There was knock at the door, and a PC looked into the room. ‘The All Clear’s been signalled, sir. Mr Hudson asked me to tell you that the air raid was over. Oh, and that bomb fell in Vauxhall Bridge Road.’
‘All right, lad, thank you,’ said Hardcastle.
‘How often have you seen this boyfriend of your sister?’ asked Marriott.
‘I never met him before.’
‘So tonight was the first time you’d set eyes on him, was it?’ persisted Marriott.
‘Yes, that’s right.’
‘Why isn’t he in the army? Looks to be the right age to be serving. Not a conchie, is he?’ Marriott knew that many eligible young men had claimed to be conscientious objectors to fighting in the war, but with his brother-in-law at the Front, he had no great sympathy for people he regarded as shirkers of the worst possible kind. Particularly as Ted Kimber, one of Cannon Row’s detectives, had been killed at Neuve Chapelle two years ago while serving as a lieutenant with the Suffolk Regiment.
‘I don’t know,’ said Utting. ‘I don’t know anything about him.’
Hardcastle stood up, and knocked the tobacco out of his pipe on the fire grate. ‘Jack Utting, I’m arresting you on suspicion of being involved in the murder of Herbert Somers at Victoria railway station on Wednesday the eleventh of July, and conspiring with a person unknown to attempt to murder police officers.’
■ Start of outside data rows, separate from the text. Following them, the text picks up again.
lemma pairing_quartic_dual_theta_theta_gel:
  assumes x: "x \<le> s" and k: "k \<le> s"
  shows "pairing s 4 quartic_dual (theta x ** theta k ** g) = g_up x k / of_nat (s + 1)"
proof -
  have "pairing s 4 quartic_dual (theta x ** theta k ** g) = (\<Sum>a\<le>s. \<Sum>b\<le>s. g_lo a b * quartic_coeff x k a b)"
    unfolding theta_theta_gel_eq_sum_mono using x k
    by (simp add: pairing_sum pairing_cscale pairing_mono words_def quartic_dual_def)
  also have "\<dots> = (\<Sum>a\<le>s. \<Sum>b\<le>s. g_lo a b * (g_up x k * g_up a b + g_up x b * g_up k a - 2 * (g_up x a * g_up k b)))
      / (of_nat s * of_nat (s + 1))"
    by (simp add: quartic_coeff_def sum_divide_distrib mult_ac)
  also have "(\<Sum>a\<le>s. \<Sum>b\<le>s. g_lo a b * (g_up x k * g_up a b + g_up x b * g_up k a - 2 * (g_up x a * g_up k b)))
      = of_nat (s + 1) * g_up x k + g_up k x - 2 * g_up k x"
    by (simp only: sum_sum_combination contract_trace contract_right'[OF x] contract_left[OF x] mult.commute[of "g_up x k"])
  also have "\<dots> = of_nat s * g_up x k"
    using g_up_sym[OF x k] by (simp add: algebra_simps)
  finally show ?thesis
    using s_nonzero by simp
qed

lemma pairing_quartic_dual_theta_gel_theta:
  assumes k: "k \<le> s" and x: "x \<le> s"
  shows "pairing s 4 quartic_dual (theta k ** g ** theta x) = g_up k x / of_nat (s + 1)"
proof -
  have "pairing s 4 quartic_dual (theta k ** g ** theta x) = (\<Sum>a\<le>s. \<Sum>b\<le>s. g_lo a b * quartic_coeff k a b x)"
    unfolding theta_gel_theta_eq_sum_mono using x k
    by (simp add: pairing_sum pairing_cscale pairing_mono words_def quartic_dual_def)
  also have "\<dots> = (\<Sum>a\<le>s. \<Sum>b\<le>s. g_lo a b * (g_up k a * g_up b x + g_up k x * g_up a b - 2 * (g_up k b * g_up a x)))
      / (of_nat s * of_nat (s + 1))"
    by (simp add: quartic_coeff_def sum_divide_distrib mult_ac)
  also have "(\<Sum>a\<le>s. \<Sum>b\<le>s. g_lo a b * (g_up k a * g_up b x + g_up k x * g_up a b - 2 * (g_up k b * g_up a x)))
      = g_up k x + of_nat (s + 1) * g_up k x - 2 * g_up k x"
    by (simp only: sum_sum_combination contract_trace contract_right'[OF k] contract_left[OF k] mult.commute[of "g_up k x"])
  also have "\<dots> = of_nat s * g_up k x"
    by (simp add: algebra_simps)
  finally show ?thesis
    using s_nonzero by simp
qed

lemma pairing_quartic_dual_gel_gel: "pairing s 4 quartic_dual (g ** g) = 1"
proof -
  have "pairing s 4 quartic_dual (g ** g) = (\<Sum>a\<le>s. \<Sum>b\<le>s. g_lo a b * (g_up a b * (1 / of_nat (s + 1))))"
    unfolding sum_theta_theta_gel[symmetric]
    by (simp add: pairing_sum pairing_cscale pairing_quartic_dual_theta_theta_gel)
  also have "\<dots> = 1"
    using s_plus_1_nonzero by (simp only: contract_trace) (simp add: add.commute)
  finally show ?thesis .
qed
Utting’s face paled and he swayed to such a degree that Hardcastle thought he was going to faint. But the DDI just stared at him with a cynical expression on his face.
But Utting’s surprise was as nothing compared with Marriott’s shock at his DDI’s sudden decision to arrest the man without any apparent evidence.
Having handed his prisoner over to the custody of DCs Catto and Carter, Hardcastle walked out to the street in time to meet SD Inspector Marsh.
‘Where’s the guv’nor, Ernie?’ he asked.
‘I’m here,’ said Hudson, appearing out of number seventeen.
‘The bomb fell in Vauxhall Bridge Road, sir,’ said Marsh.
‘Yes, I heard. Casualties?’
‘Four dead, three seriously wounded, sir.’
Hudson nodded. ‘Been a busy night, Mr Marsh,’ he said.
It was three o’clock on the Saturday morning by the time that Utting had been put in a cell, and Hardcastle was able to relax.
‘Take the weight off your feet, m’boy,’ he said to Marriott.
With an uncharacteristic gesture of generosity, the DDI took a bottle of whisky from the bottom drawer of his desk and poured a measure into each of the two glasses he kept with it.
‘Have we got any evidence to support a charge against Utting, guv’nor?’ asked Marriott, taking a sip of his whisky as he lapsed into a less formal mode of address.
‘Utting’s tale is all my eye and Betty Martin, m’boy. He claims not to know the name of his sister’s intended, and reckons he’s never seen him before.’ Hardcastle’s tone of voice revealed his scepticism. ‘Well, if that was the case, how did he know that this stranger who turned up at nearly eleven o’clock at night was his sister’s fiancé, just because he said so? He hadn’t got an answer for that, had he?’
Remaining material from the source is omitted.